*** Extracted entries ***

lemma dim_collisions_le_dim_complement:
  assumes X: "X \<in> T n" and D: "D \<in> T n" "D \<subseteq> X" and inj: "inj_on F D"
    and pairs: "{x @ y | x y. x \<in> X \<and> y \<in> X \<and> F x = F y} \<in> T (n + n)"
  shows "dm {t \<in> D. \<exists>y\<in>X. y \<noteq> t \<and> F t = F y} \<le> dm (X - D)"
proof -
  define R where "R t y \<longleftrightarrow> t \<in> D \<and> y \<in> X - D \<and> F t = F y" for t y
  define Z where "Z = {t @ y | t y. length t = n \<and> length y = n \<and> R t y}"
  define C where "C = {t \<in> D. \<exists>y\<in>X - D. F t = F y}"
  have "Z = {x @ y | x y. x \<in> X \<and> y \<in> X \<and> F x = F y} \<inter> {t @ y | t y. t \<in> D \<and> y \<in> X - D}"
    unfolding Z_def R_def using lengthD[OF X] D(2) by (auto simp: append_eq_append_conv) blast
  then have Z_T: "Z \<in> T (n + n)"
    using pairs product[OF D(1) Diff[OF X D(1)]] by (simp add: Int)
  have "take n ` Z = {t. length t = n \<and> (\<exists>y. length y = n \<and> R t y)}"
    unfolding Z_def by (rule take_image_append_relation)
  also have "\<dots> = C"
    unfolding C_def R_def using lengthD[OF X] lengthD[OF D(1)] by auto
  finally have C_T: "C \<in> T n"
    using take_image[OF Z_T] by simp
  have fibre_eq: "fibre n Z t = {y \<in> X - D. F t = F y}" if "t \<in> D" for t
    unfolding Z_def fibre_append_relation[OF lengthD[OF D(1) that]] R_def
    using that lengthD[OF X] by auto
  have "{t \<in> D. \<exists>y\<in>X. y \<noteq> t \<and> F t = F y} = C"
    using inj unfolding C_def by (auto dest: inj_onD) metis
  moreover have "dm C \<le> dm (\<Union>t\<in>C. fibre n Z t)"
  proof (rule dim_le_dim_UN_fibres[OF C_T Z_T])
    show "disjoint_family_on (fibre n Z) C"
      unfolding disjoint_family_on_def
    proof (intro ballI impI)
      fix s t assume st: "s \<in> C" "t \<in> C" "s \<noteq> t"
      then have "F s \<noteq> F t"
        using inj unfolding C_def inj_on_def by auto
      with st fibre_eq show "fibre n Z s \<inter> fibre n Z t = {}"
        unfolding C_def by auto
    qed
    show "fibre n Z t \<noteq> {}" if "t \<in> C" for t
      using that fibre_eq unfolding C_def by auto
  qed
  moreover have "dm (\<Union>t\<in>C. fibre n Z t) \<le> dm (X - D)"
    using fibre_eq
    by (intro dim_mono[OF fibre_Union[OF C_T Z_T] Diff[OF X D(1)]]) (auto simp: C_def)
  ultimately show ?thesis by simp
qed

*** End of Extracted entries ***

:: Task item ::
Every line holding the string "proof" should be copied here, so please find those lines in the data.

:: Reply ::
proof -
  proof (rule dim_le_dim_UN_fibres[OF C_T Z_T])
    proof (intro ballI impI)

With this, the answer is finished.